lemma has_good_tiling_b_eq_c:
  assumes "a < b" "b = c" "card apex_pairs > a^2 + 2 * a * (b + c)" "card apex_pairs > (a + b)^2"
  shows "has_good_tiling a b c (insert u (V1 \<union> V2)) E"
proof -
  \<comment> \<open>Since \<open>b = c\<close>, the parts B and C of either copy may be exchanged.\<close>
  have BB: ?thesis if "linked B1 B2" by (rule has_good_tiling_b_eq_c_BB[OF assms(1,2) that assms(4)])
  have BC: ?thesis if "linked B1 C2"
  proof -
    interpret T: two_copies a b c A1 B1 C1 A2 C2 B2 u E by (rule swap_BC_copy2[OF assms(2)])
    have "cross_pairs u E V1 (A2 \<union> C2 \<union> B2) = apex_pairs" by (simp add: Un_ac)
    then have "has_good_tiling a b c (insert u (V1 \<union> (A2 \<union> C2 \<union> B2))) E"
      using T.has_good_tiling_b_eq_c_BB[OF assms(1,2) that] assms(4) by simp
    then show ?thesis by (simp add: Un_ac)
  qed
  have CB: ?thesis if "linked C1 B2"
  proof -
    interpret T: two_copies a b c A1 C1 B1 A2 B2 C2 u E by (rule swap_BC_copy1[OF assms(2)])
    have "cross_pairs u E (A1 \<union> C1 \<union> B1) V2 = apex_pairs" by (simp add: Un_ac)
    then have "has_good_tiling a b c (insert u ((A1 \<union> C1 \<union> B1) \<union> V2)) E"
      using T.has_good_tiling_b_eq_c_BB[OF assms(1,2) that] assms(4) by simp
    then show ?thesis by (simp add: Un_ac)
  qed
  have CC: ?thesis if "linked C1 C2"
  proof -
    interpret T1: two_copies a b c A1 C1 B1 A2 B2 C2 u E by (rule swap_BC_copy1[OF assms(2)])
    interpret T: two_copies a b c A1 C1 B1 A2 C2 B2 u E by (rule T1.swap_BC_copy2[OF assms(2)])
    have "cross_pairs u E (A1 \<union> C1 \<union> B1) (A2 \<union> C2 \<union> B2) = apex_pairs" by (simp add: Un_ac)
    then have "has_good_tiling a b c (insert u ((A1 \<union> C1 \<union> B1) \<union> (A2 \<union> C2 \<union> B2))) E"
      using T.has_good_tiling_b_eq_c_BB[OF assms(1,2) that] assms(4) by simp
    then show ?thesis by (simp add: Un_ac)
  qed
  show ?thesis using linked_avoiding_A[OF assms(3)] BB BC CB CC by blast
qed

lemma has_good_tiling_a_eq_b_avoiding_AC:
  assumes "a = b" "b < c" "\<not> linked C1 C2" "\<not> linked A1 C2" "\<not> linked C1 A2"
    and "card apex_pairs > a^2 + 2 * a * (b + c)"
  shows "has_good_tiling a b c (insert u (V1 \<union> V2)) E"
proof -
  have bound: "a^2 + 2 * a * (b + c) = a * a + a * a + a * a + a * c + a * c" "a * a \<le> a * c"
    using assms(1) sizes by (simp_all add: power2_eq_square algebra_simps)
  have products: "a * b = a * a" "b * b = a * a" "b * c = a * c" using assms(1) by simp_all
  have empty: "pairs_between apex_pairs C1 C2 = 0" "pairs_between apex_pairs A1 C2 = 0"
    "pairs_between apex_pairs C1 A2 = 0"
    using apex_pairs_block_empty assms(3-5) by blast+
  have "linked A1 A2" "linked B1 C2" "linked C1 B2"
    using card_apex_pairs_blocks apex_pairs_block_bounds apex_pairs_block_empty[of A1 A2]
      apex_pairs_block_empty[of B1 C2] apex_pairs_block_empty[of C1 B2] empty assms(6) bound products
    by linarith+
  then show ?thesis using has_good_tiling_AA_BC_CB[OF assms(1,2)] by blast
qed

lemma has_good_tiling_a_eq_b_avoiding_C_links:
  assumes "a = b" "b < c" "\<not> linked C1 C2" "\<not> linked A1 C2 \<or> \<not> linked B1 C2"
    "\<not> linked C1 A2 \<or> \<not> linked C1 B2" "card apex_pairs > a^2 + 2 * a * (b + c)"
  shows "has_good_tiling a b c (insert u (V1 \<union> V2)) E"
proof -
  \<comment> \<open>Since \<open>a = b\<close>, the parts A and B of either copy may be exchanged.\<close>
  have AC_CA: ?thesis if "\<not> linked A1 C2" "\<not> linked C1 A2"
    using has_good_tiling_a_eq_b_avoiding_AC[OF assms(1,2,3) that assms(6)] .
  have BC_CA: ?thesis if "\<not> linked B1 C2" "\<not> linked C1 A2"
  proof -
    interpret T: two_copies a b c B1 A1 C1 A2 B2 C2 u E by (rule swap_AB_copy1[OF assms(1)])
    have "cross_pairs u E (B1 \<union> A1 \<union> C1) V2 = apex_pairs" by (simp add: Un_ac)
    then have "has_good_tiling a b c (insert u ((B1 \<union> A1 \<union> C1) \<union> V2)) E"
      using T.has_good_tiling_a_eq_b_avoiding_AC[OF assms(1,2,3) that] assms(6) by simp
    then show ?thesis by (simp add: Un_ac)
  qed
  have AC_CB: ?thesis if "\<not> linked A1 C2" "\<not> linked C1 B2"
  proof -
    interpret T: two_copies a b c A1 B1 C1 B2 A2 C2 u E by (rule swap_AB_copy2[OF assms(1)])
    have "cross_pairs u E V1 (B2 \<union> A2 \<union> C2) = apex_pairs" by (simp add: Un_ac)
    then have "has_good_tiling a b c (insert u (V1 \<union> (B2 \<union> A2 \<union> C2))) E"
      using T.has_good_tiling_a_eq_b_avoiding_AC[OF assms(1,2,3) that] assms(6) by simp
    then show ?thesis by (simp add: Un_ac)
  qed
  have BC_CB: ?thesis if "\<not> linked B1 C2" "\<not> linked C1 B2"
  proof -
    interpret T1: two_copies a b c B1 A1 C1 A2 B2 C2 u E by (rule swap_AB_copy1[OF assms(1)])
    interpret T: two_copies a b c B1 A1 C1 B2 A2 C2 u E by (rule T1.swap_AB_copy2[OF assms(1)])
    have "cross_pairs u E (B1 \<union> A1 \<union> C1) (B2 \<union> A2 \<union> C2) = apex_pairs" by (simp add: Un_ac)
    then have "has_good_tiling a b c (insert u ((B1 \<union> A1 \<union> C1) \<union> (B2 \<union> A2 \<union> C2))) E"
      using T.has_good_tiling_a_eq_b_avoiding_AC[OF assms(1,2,3) that] assms(6) by simp
    then show ?thesis by (simp add: Un_ac)
  qed
  show ?thesis using assms(4,5) AC_CA BC_CA AC_CB BC_CB by blast
qed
━━━━━━━━━━━━━━━━━━━━━━━━━━━━━━
__TASK DETAILS__:
The answer should be the exact lines running from the line containing "show ?thesis using assms(4,5)" to the last line of the entries, with nothing else.

__COMPLETED TASK__:
  show ?thesis using assms(4,5) AC_CA BC_CA AC_CB BC_CB by blast
qed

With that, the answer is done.